Does science have anything to tell us about the nature of morality? Could use of the scientific method help us apprehend the nature of good and evil? Sam Harris certainly thinks so as he appeals to the burgeoning field of neuroscience as the pathway to discovering objective moral facts. For example, Harris recasts classical virtues like kindness, willingness to follow evidence, and patience as “forces” of the brain that further the end of human cooperation. If such forces result in human well-being, then we ought to cultivate them to maximize human well-being, and ignore or destroy those that abate it.
The one virtue of Harris’s book is that it forcefully makes the case for moral realism. He admirably shares the concern of many, primarily those of religious persuasion, that atheists and scientists tend to slide too easily into moral skepticism. It easy to see why he is so beloved by nonbelievers as his sharp wit and punchy tone make him someone you like having on your side. Being on the receiving end of his ridicule is no pleasure as he is adept at making any position he dislikes appear ridiculous. Of course, his rhetorical skills carry him only so far, and are useless when shouldering the burden of proof.

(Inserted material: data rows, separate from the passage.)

(* Let $\mathcal{X}$ be a finite set, $\mathcal{Y}=\{-1,1\}$, and $P_{X,Y}$ the empirical distribution of $n$ samples $\{(x_i,y_i)\}_{i=1}^n$ with $P_Y(-1)=P_Y(1)=\frac12$. Let $f:\mathcal{X}\to\mathbb{R}^d$ and $\lambda>0$. Define $\tilde L_{\mathsf{SVM}}(f;\lambda) = 1-\frac{1}{2\lambda}\left\|\mathbb{E}[f(X)Y]\right\|^2$, $M = \max_{x\in\mathcal{X}}\|\tilde f(x)\|$ with $\tilde f(x)=f(x)-\mathbb{E}[f(X)]$, and $\lambda_{\mathrm T} = M\left\|\mathbb{E}[f(X)Y]\right\|$. Then $$\tilde L_{\mathsf{SVM}}(f;\lambda)\le L^*_{\mathsf{SVM}}(f;\lambda)\le \tilde L_{\mathsf{SVM}}(f;\lambda) + \left(\frac{\lambda_{\mathrm T}}{\lambda}-1\right)^+ .$$ Moreover, when $\lambda\ge\lambda_{\mathrm T}$, $L^*_{\mathsf{SVM}}(f;\lambda) = \tilde L_{\mathsf{SVM}}(f;\lambda)$, which is achieved by $w_{\mathsf{SVM}} = \frac1\lambda\mathbb{E}[f(X)Y]$, $b_{\mathsf{SVM}} = -\langle w_{\mathsf{SVM}},\mathbb{E}[f(X)]\rangle$, and the resulting SVM prediction is $$\hat y_{\mathsf{SVM}}(x;f,\lambda) = \mathrm{sign}\left(\left\langle\mathbb{E}[\tilde f(X)Y],\tilde f(x)\right\rangle\right) = \arg\min_{y\in\mathcal{Y}}\left\|f(x)-\mathbb{E}[f(X)\mid Y=y]\right\|.$$
   Context: Expectations are with respect to $P_{X,Y}$, where $P_{X,Y}(x,y)=\frac1n\sum_{i=1}^n\mathbb{1}\{x_i=x,y_i=y\}$. $x^+=\max\{0,x\}$. The hinge loss is $\ell_{\mathrm{hinge}}(y,z)=(1-yz)^+$. For $w\in\mathbb{R}^d$, $b\in\mathbb{R}$, the SVM loss is $L_{\mathsf{SVM}}(f,w,b;\lambda) = \mathbb{E}[\ell_{\mathrm{hinge}}(Y,\langle w,f(X)\rangle+b)] + \frac\lambda2\|w\|^2$; $(w_{\mathsf{SVM}},b_{\mathsf{SVM}})$ denotes a minimizer, $L^*_{\mathsf{SVM}}(f;\lambda)$ the minimum value, and the SVM prediction is $\hat y_{\mathsf{SVM}}(x;f,\lambda) = \mathrm{sign}(\langle w_{\mathsf{SVM}},f(x)\rangle + b_{\mathsf{SVM}})$. *)

theory Defs
  imports "HOL-Analysis.Analysis"
begin

text \<open>Empirical distribution of n samples (xs i, ys i), i < n.
  Expectation of g(X,Y) under the empirical distribution: (1/n) * sum_{i<n} g(x_i,y_i).\<close>
definition emp_E :: "nat \<Rightarrow> (nat \<Rightarrow> 'b::real_vector) \<Rightarrow> 'b" where
  "emp_E n g = (1 / real n) *\<^sub>R (\<Sum>i<n. g i)"

definition emp_cond_E :: "nat \<Rightarrow> (nat \<Rightarrow> real) \<Rightarrow> real \<Rightarrow> (nat \<Rightarrow> 'b::real_vector) \<Rightarrow> 'b" where
  "emp_cond_E n ys c g = (1 / real (card {i. i < n \<and> ys i = c})) *\<^sub>R (\<Sum>i\<in>{i. i < n \<and> ys i = c}. g i)"

definition pos_part :: "real \<Rightarrow> real" where
  "pos_part t = max 0 t"

definition hinge :: "real \<Rightarrow> real \<Rightarrow> real" where
  "hinge y z = pos_part (1 - y * z)"

definition L_SVM :: "nat \<Rightarrow> (nat \<Rightarrow> 'a) \<Rightarrow> (nat \<Rightarrow> real) \<Rightarrow> ('a \<Rightarrow> 'v::real_inner)
    \<Rightarrow> real \<Rightarrow> 'v \<Rightarrow> real \<Rightarrow> real" where
  "L_SVM n xs ys f lam w b =
     emp_E n (\<lambda>i. hinge (ys i) (inner w (f (xs i)) + b)) + lam / 2 * (norm w)\<^sup>2"

definition L_SVM_star :: "nat \<Rightarrow> (nat \<Rightarrow> 'a) \<Rightarrow> (nat \<Rightarrow> real) \<Rightarrow> ('a \<Rightarrow> 'v::real_inner)
    \<Rightarrow> real \<Rightarrow> real" where
  "L_SVM_star n xs ys f lam = Inf ((\<lambda>(w, b). L_SVM n xs ys f lam w b) ` UNIV)"

definition EfY :: "nat \<Rightarrow> (nat \<Rightarrow> 'a) \<Rightarrow> (nat \<Rightarrow> real) \<Rightarrow> ('a \<Rightarrow> 'v::real_vector) \<Rightarrow> 'v" where
  "EfY n xs ys f = emp_E n (\<lambda>i. ys i *\<^sub>R f (xs i))"

definition L_tilde :: "nat \<Rightarrow> (nat \<Rightarrow> 'a) \<Rightarrow> (nat \<Rightarrow> real) \<Rightarrow> ('a \<Rightarrow> 'v::real_normed_vector)
    \<Rightarrow> real \<Rightarrow> real" where
  "L_tilde n xs ys f lam = 1 - 1 / (2 * lam) * (norm (EfY n xs ys f))\<^sup>2"

definition f_tilde :: "nat \<Rightarrow> (nat \<Rightarrow> 'a) \<Rightarrow> ('a \<Rightarrow> 'v::real_vector) \<Rightarrow> 'a \<Rightarrow> 'v" where
  "f_tilde n xs f x = f x - emp_E n (\<lambda>i. f (xs i))"

definition M_const :: "'a set \<Rightarrow> nat \<Rightarrow> (nat \<Rightarrow> 'a) \<Rightarrow> ('a \<Rightarrow> 'v::real_normed_vector) \<Rightarrow> real" where
  "M_const X n xs f = Max ((\<lambda>x. norm (f_tilde n xs f x)) ` X)"

definition lambda_T :: "'a set \<Rightarrow> nat \<Rightarrow> (nat \<Rightarrow> 'a) \<Rightarrow> (nat \<Rightarrow> real) \<Rightarrow> ('a \<Rightarrow> 'v::real_normed_vector) \<Rightarrow> real" where
  "lambda_T X n xs ys f = M_const X n xs f * norm (EfY n xs ys f)"

definition nearest_class_mean :: "nat \<Rightarrow> (nat \<Rightarrow> 'a) \<Rightarrow> (nat \<Rightarrow> real) \<Rightarrow> ('a \<Rightarrow> 'v::real_normed_vector)
    \<Rightarrow> 'a \<Rightarrow> real set" where
  "nearest_class_mean n xs ys f x =
     {y \<in> {-1, 1}. \<forall>y'\<in>{-1, 1}.
        norm (f x - emp_cond_E n ys y (\<lambda>i. f (xs i))) \<le> norm (f x - emp_cond_E n ys y' (\<lambda>i. f (xs i)))}"

end

theory Submission
  imports Defs
begin

(* Balanced labels give E[Y] = 0, so E[Y (<w, f X> + b)] = <w, mu> with mu = E[f(X) Y] for every
   bias b.  Since hinge(y, z) >= 1 - y z, every (w, b) has loss at least
   1 - <w, mu> + lam/2 |w|^2, which is at least 1 - |mu|^2/(2 lam) by Fenchel-Young, with equality
   at w = mu/lam.  With b = -<w, E f(X)> the margins of this w are <mu, f~(x_i)>/lam, at most
   lambda_T/lam in absolute value by Cauchy-Schwarz; so the hinge exceeds its linear part by at
   most (lambda_T/lam - 1)^+, and not at all when lam >= lambda_T.  Finally the class means are
   E f(X) + y mu, so the nearest one is selected by the sign of <mu, f~(x)>. *)

lemma emp_E_const: "n > 0 \<Longrightarrow> emp_E n (\<lambda>_. c) = c"
  by (simp add: emp_E_def sum_constant_scaleR)

lemma emp_E_add: "emp_E n (\<lambda>i. g i + h i) = emp_E n g + emp_E n h"
  by (simp add: emp_E_def sum.distrib scaleR_add_right)

lemma emp_E_diff: "emp_E n (\<lambda>i. g i - h i) = emp_E n g - emp_E n h"
  by (simp add: emp_E_def sum_subtractf scaleR_diff_right)

lemma emp_E_scaleR_right: "emp_E n (\<lambda>i. a i *\<^sub>R c) = emp_E n a *\<^sub>R c"
  by (simp add: emp_E_def scaleR_sum_left[symmetric])

lemma emp_E_mono:
  fixes g h :: "nat \<Rightarrow> real"
  assumes "\<And>i. i < n \<Longrightarrow> g i \<le> h i"
  shows "emp_E n g \<le> emp_E n h"
  unfolding emp_E_def using assms by (auto intro!: divide_right_mono sum_mono)

lemma hinge_ge: "1 - y * z \<le> hinge y z"
  by (simp add: hinge_def pos_part_def)

lemma hinge_le: "\<bar>y * z\<bar> \<le> c \<Longrightarrow> hinge y z \<le> 1 - y * z + pos_part (c - 1)"
  by (auto simp: hinge_def pos_part_def abs_le_iff)

lemma fenchel_young_half_norm_sq:
  fixes w u :: "'v::real_inner"
  assumes "lam > 0"
  shows "inner w u \<le> lam / 2 * (norm w)\<^sup>2 + (norm u)\<^sup>2 / (2 * lam)"
proof -
  have "0 \<le> (norm (lam *\<^sub>R w - u))\<^sup>2 / (2 * lam)"
    using assms by simp
  also have "\<dots> = lam / 2 * (norm w)\<^sup>2 - inner w u + (norm u)\<^sup>2 / (2 * lam)"
    using assms unfolding power2_norm_eq_inner
    by (simp add: inner_diff inner_commute field_simps power2_eq_square)
  finally show ?thesis by simp
qed

lemma fenchel_young_half_norm_sq_eq:
  fixes u :: "'v::real_inner"
  assumes "lam > 0"
  shows "inner ((1 / lam) *\<^sub>R u) u
    = lam / 2 * (norm ((1 / lam) *\<^sub>R u))\<^sup>2 + (norm u)\<^sup>2 / (2 * lam)"
  using assms by (simp add: power_mult_distrib power2_eq_square field_simps flip: power2_norm_eq_inner)

lemma norm_diff_le_norm_add_iff:
  fixes u v :: "'v::real_inner"
  shows "norm (u - v) \<le> norm (u + v) \<longleftrightarrow> 0 \<le> inner u v"
  unfolding norm_le by (simp add: inner_add inner_diff inner_commute)

lemma pm1_nonneg_mult_eq:
  fixes t :: real
  shows "{y \<in> {-1, 1}. 0 \<le> y * t} = (if t = 0 then {-1, 1} else {sgn t})"
  by (auto simp: sgn_if)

It seems that his argument could be summarized like this:
[1] Good and evil depend on the experience of conscious minds.
[2] Conscious minds are natural phenomena.
[3]Therefore, good and evil can be understood through science.
Harris then describes “the moral landscape” as a space of real and potential outcomes whose peaks correspond to the heights of human well-being, and whose valleys represent the horrors of human suffering. A scientific account of human values is one that measures the outcome of world states with the outcome of brain states. This makes Harris a consequentialist and places him squarely in the utilitarian tradition of John Stuart Mill who labored to give a qualitative account of the kinds of goods at play in the maximization of human happiness.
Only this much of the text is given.